The tram route 81 in Brussels, Belgium, is operated by STIB/MIVB, and connects the Marius Renard stop in the municipality of Anderlecht to the multimodal Montgomery metro station in Woluwe-Saint-Pierre. The route also crosses the municipalities of Saint-Gilles, Ixelles, the City of Brussels and Etterbeek. It offers transit with the Metro at Saint-Guidon/Sint Guido, Brussels-South (also railway), Merode (also railway) and Montgomery. The route also crosses the major tram routes 3 and 4 at Horta. A good deal of its length is in carriageway, while long sections at either end are in reservation.
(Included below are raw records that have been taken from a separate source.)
lemma coupled_difference_energy_estimate:
  fixes b :: "real \<Rightarrow> real^'d \<Rightarrow> real^'d" and u v n :: "real \<Rightarrow> real^'d"
  assumes drift: "H1_drift T K b" and "0 < theta0" "theta0 < 2"
    and u_cont: "continuous_on {0..T} u"
    and u_eq: "\<forall>t\<in>{0..T}. u t = x + integral {0..t} (\<lambda>s. b s (u s)) + n t"
    and v_cont: "continuous_on {0..<T} v"
    and v_eq: "\<forall>t\<in>{0..<T}. v t = y + integral {0..t}
        (\<lambda>s. b s (v s) + (1 / zeta K theta0 T s) *\<^sub>R (u s - v s)) + n t"
    and s0: "s0 \<in> {0..<T}"
  shows "integral {0..s0} (\<lambda>t. (norm (u t - v t))\<^sup>2 / (zeta K theta0 T t) ^ 4)
      + (norm (u s0 - v s0))\<^sup>2 / (theta0 * (zeta K theta0 T s0) ^ 3)
    \<le> (norm (x - y))\<^sup>2 / (theta0 * (zeta K theta0 T 0) ^ 3)"
proof -
  from drift have "K > 0"
    and Lip: "\<forall>t\<in>{0..T}. \<forall>p q. norm (b t p - b t q) \<le> K * norm (p - q)"
    and Lip_time: "\<forall>p. \<exists>L. \<forall>s\<in>{0..T}. \<forall>t\<in>{0..T}. norm (b t p - b s p) \<le> L * \<bar>t - s\<bar>"
    unfolding H1_drift_def by auto
  define z where "z = zeta K theta0 T"
  define g\<^sub>1 where "g\<^sub>1 = (\<lambda>s. b s (u s))"
  define g\<^sub>2 where "g\<^sub>2 = (\<lambda>s. b s (v s) + (1 / z s) *\<^sub>R (u s - v s))"
  have sub: "{0..s0} \<subseteq> {0..T}" "{0..s0} \<subseteq> {0..<T}" using s0 by auto
  have z_pos: "z t > 0" if "t \<in> {0..s0}" for t
    unfolding z_def using that s0 \<open>K > 0\<close> \<open>theta0 < 2\<close> by (intro zeta_pos) auto
  have z_cont: "continuous_on {0..s0} z"
    unfolding z_def zeta_def[abs_def] by (intro continuous_intros)
  have u_cont': "continuous_on {0..s0} u" and v_cont': "continuous_on {0..s0} v"
    using u_cont v_cont sub continuous_on_subset by blast+
  have g\<^sub>1_cont: "continuous_on {0..s0} g\<^sub>1"
    unfolding g\<^sub>1_def by (rule continuous_on_Lipschitz_drift[OF Lip Lip_time sub(1) u_cont'])
  have g\<^sub>2_cont: "continuous_on {0..s0} g\<^sub>2"
    unfolding g\<^sub>2_def using z_pos
    by (intro continuous_intros continuous_on_Lipschitz_drift[OF Lip Lip_time sub(1) v_cont']
        z_cont u_cont' v_cont') force
  have difference_deriv:
    "((\<lambda>s. u s - v s) has_vector_derivative g\<^sub>1 t - g\<^sub>2 t) (at t)" if "0 < t" "t < s0" for t
  proof -
    have "((\<lambda>s. u s - v s) has_vector_derivative g\<^sub>1 t - g\<^sub>2 t) (at t within {0..s0})"
      using u_eq v_eq sub that unfolding g\<^sub>1_def g\<^sub>2_def z_def
      by (intro has_vector_derivative_diff_integral_equations[where n = n, OF g\<^sub>1_cont g\<^sub>2_cont,
          unfolded g\<^sub>1_def g\<^sub>2_def z_def]) auto
    then show ?thesis using that by (simp add: at_within_Icc_at)
  qed
  have dissipation: "(u t - v t) \<bullet> (g\<^sub>1 t - g\<^sub>2 t) \<le> (K - 1 / z t) * (norm (u t - v t))\<^sup>2"
    if "0 < t" "t < s0" for t
  proof -
    have "(u t - v t) \<bullet> (b t (u t) - b t (v t)) \<le> norm (u t - v t) * norm (b t (u t) - b t (v t))"
      by (rule norm_cauchy_schwarz)
    also have "\<dots> \<le> norm (u t - v t) * (K * norm (u t - v t))"
      using Lip that sub by (intro mult_left_mono) auto
    finally have "(u t - v t) \<bullet> (b t (u t) - b t (v t)) \<le> K * (norm (u t - v t))\<^sup>2"
      by (simp add: power2_eq_square mult.left_commute)
    moreover have "g\<^sub>1 t - g\<^sub>2 t = (b t (u t) - b t (v t)) - (1 / z t) *\<^sub>R (u t - v t)"
      by (simp add: g\<^sub>1_def g\<^sub>2_def)
    ultimately show ?thesis
      by (simp only: inner_diff_right inner_scaleR_right power2_norm_eq_inner left_diff_distrib)
  qed
  have z_deriv: "(z has_real_derivative 2/3 * K * z t - (2 - theta0) / 3) (at t)" for t
    unfolding z_def using \<open>K > 0\<close> by (intro zeta_has_real_derivative) simp
  have "integral {0..s0} (\<lambda>t. (norm (u t - v t))\<^sup>2 / z t ^ 4) + (norm (u s0 - v s0))\<^sup>2 / (theta0 * z s0 ^ 3)
      \<le> (norm (u 0 - v 0))\<^sup>2 / (theta0 * z 0 ^ 3)"
    using s0 by (intro weighted_energy_decreasing[OF _ \<open>0 < theta0\<close> _ z_cont z_pos difference_deriv
        z_deriv dissipation] continuous_intros u_cont' v_cont') auto
  moreover have "u 0 - v 0 = x - y"
    using u_eq v_eq s0 by auto
  ultimately show ?thesis unfolding z_def by simp
qed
It has a short section in tunnel at Brussels-South.

==History==
The route was changed in the 2000s, with the section west from Brussels-South railway station going to Marius Renard rather than Heysel/Heizel metro station.
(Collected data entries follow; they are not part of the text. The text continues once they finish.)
(* Let $n=rk$, $f:\mathbb{F}_{2^n}\to\mathbb{F}_{2^k}$, $i\in\{0,\dots,k-1\}$ and $b\in\mathbb{F}_{2^k}$. If $\gamma_1,\gamma_2,\gamma_3\in\mathbb{F}_{2^n}^*$ are $(i,b)$-Frobenius translators of $f$ with $\gamma_1+\gamma_2+\gamma_3\neq 0$, then $\gamma_1+\gamma_2+\gamma_3$ is an $(i,b)$-Frobenius translator of $f$.
   Context: For $n=rk$, a function $f:\mathbb{F}_{p^n}\to\mathbb{F}_{p^k}$, an element $\gamma\in\mathbb{F}_{p^n}^*$, an element $b\in\mathbb{F}_{p^k}$ and $i\in\{0,\dots,k-1\}$, $\gamma$ is called an $(i,b)$-Frobenius translator of $f$ if $f(x+u\gamma)-f(x)=u^{p^i}b$ for all $x\in\mathbb{F}_{p^n}$ and all $u\in\mathbb{F}_{p^k}$. Here $p=2$. *)

theory Defs
  imports Main
begin

text \<open>The finite field F_{p^n} is modelled by a finite field type 'a with
  CARD('a) = p^n and characteristic p.  For k dividing n, F_{p^k} is the unique
  subfield of order p^k, i.e. the set of elements fixed by x \<mapsto> x^(p^k).\<close>

definition subfield_pk :: "nat \<Rightarrow> nat \<Rightarrow> 'a::field set" where
  "subfield_pk p k = {x. x ^ (p ^ k) = x}"

definition frobenius_translator ::
  "nat \<Rightarrow> nat \<Rightarrow> ('a::field \<Rightarrow> 'a) \<Rightarrow> 'a \<Rightarrow> nat \<Rightarrow> 'a \<Rightarrow> bool" where
  "frobenius_translator p k f \<gamma> i b \<longleftrightarrow>
     \<gamma> \<noteq> 0 \<and>
     (\<forall>x. \<forall>u \<in> subfield_pk p k. f (x + u * \<gamma>) - f x = u ^ (p ^ i) * b)"

end

theory Submission
  imports Defs
begin

text \<open>Differences along a fixed direction telescope: translating by \<open>u * (\<gamma>1 + \<gamma>2)\<close> is
  translating by \<open>u * \<gamma>1\<close> and then by \<open>u * \<gamma>2\<close>, so the increments add up. With three
  \<open>(i, b)\<close>-translators the increment is \<open>3 u^(2^i) b\<close>, which is \<open>u^(2^i) b\<close> in characteristic 2.\<close>

lemma increment_add_direction:
  fixes f :: "'a::comm_ring \<Rightarrow> 'b::ab_group_add"
  assumes "\<And>x. f (x + u * \<gamma>1) - f x = c1"
    and "\<And>x. f (x + u * \<gamma>2) - f x = c2"
  shows "f (x + u * (\<gamma>1 + \<gamma>2)) - f x = c1 + c2"
proof -
  have "f (x + u * (\<gamma>1 + \<gamma>2)) - f x
      = (f ((x + u * \<gamma>1) + u * \<gamma>2) - f (x + u * \<gamma>1)) + (f (x + u * \<gamma>1) - f x)"
    by (simp add: distrib_left add.assoc)
  then show ?thesis
    using assms by simp
qed

lemma triple_eq_self_char2:
  fixes c :: "'a::ring_1"
  assumes "(2::'a) = 0"
  shows "c + c + c = c"
proof -
  have "c + c + c = c + 2 * c"
    by (simp add: mult_2)
  then show ?thesis
    using assms by simp
qed

theorem corollary1:
  fixes f :: "'a::{field,finite} \<Rightarrow> 'a"
    and n r k i :: nat and b \<gamma>1 \<gamma>2 \<gamma>3 :: 'a
  assumes char2: "(2::'a) = 0"
    and card: "card (UNIV :: 'a set) = 2 ^ n"
    and nrk: "n = r * k" and kpos: "0 < k" and rpos: "0 < r"
    and frange: "\<forall>x. f x \<in> subfield_pk 2 k"
    and i: "i < k"
    and b: "b \<in> subfield_pk 2 k"
    and t1: "frobenius_translator 2 k f \<gamma>1 i b"
    and t2: "frobenius_translator 2 k f \<gamma>2 i b"
    and t3: "frobenius_translator 2 k f \<gamma>3 i b"
    and nz: "\<gamma>1 + \<gamma>2 + \<gamma>3 \<noteq> 0"
  shows "frobenius_translator 2 k f (\<gamma>1 + \<gamma>2 + \<gamma>3) i b"
proof -
  have "f (x + u * (\<gamma>1 + \<gamma>2 + \<gamma>3)) - f x = u ^ 2 ^ i * b"
    if u: "u \<in> subfield_pk 2 k" for x u
  proof -
    have step: "\<And>\<gamma> x. frobenius_translator 2 k f \<gamma> i b \<Longrightarrow> f (x + u * \<gamma>) - f x = u ^ 2 ^ i * b"
      using u by (simp add: frobenius_translator_def)
    have "f (x + u * (\<gamma>1 + \<gamma>2 + \<gamma>3)) - f x = u ^ 2 ^ i * b + u ^ 2 ^ i * b + u ^ 2 ^ i * b"
      by (intro increment_add_direction step t1 t2 t3)
    then show ?thesis
      using triple_eq_self_char2 [OF char2] by simp
  qed
  then show ?thesis
    using nz by (simp add: frobenius_translator_def)
qed

end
Until 2018, the route was served by PCC trams – first 7700-series and later the longer 7900s. In that year, the stops at Bailli/Baljuw were moved from the central reservation of the Avenue Louise/Louizalaan into the Rue du Bailli/Baljuwstraat, which has permitted the longer Flexity low-floor trams to be used when these are not needed elsewhere, that is normally at weekends. This progression to high-capacity vehicles accompanies an improvement in service frequency, with the daytime headway now being 7^{1}/_{2} minutes.

==Route==
Montgomery - Merode - Place St Pierre/Sint-Pietersplein - Acacias/Acacia - La Chasse/De Jacht - Église Saint-Antoine/Sint-Antoonkerk - Germoir/Mouterij - Levure/Gist - Flagey - Dautzenberg - Bailli/Baljuw - Trinité/Drievuldigheid - Janson - Moris - Lombardie/Lombardije - Barrière/Bareel - Guillaume Tell/Willem Tell - Bethléem/Bethlehem - Avenue du Roi/Koningslaan - Suède/Zweden - Gare du Midi/Zuidstation - Bara - Conseil/Raad - Albert I - Curegham/Kuregem - Douvres/Dover - Résistance/Verzet - Saint-Guidon/Sint-Guido - Meir - Ysaye - Van Beethoven - Frans Hals - Parc Vivès/Vivèspark - Marius Renard.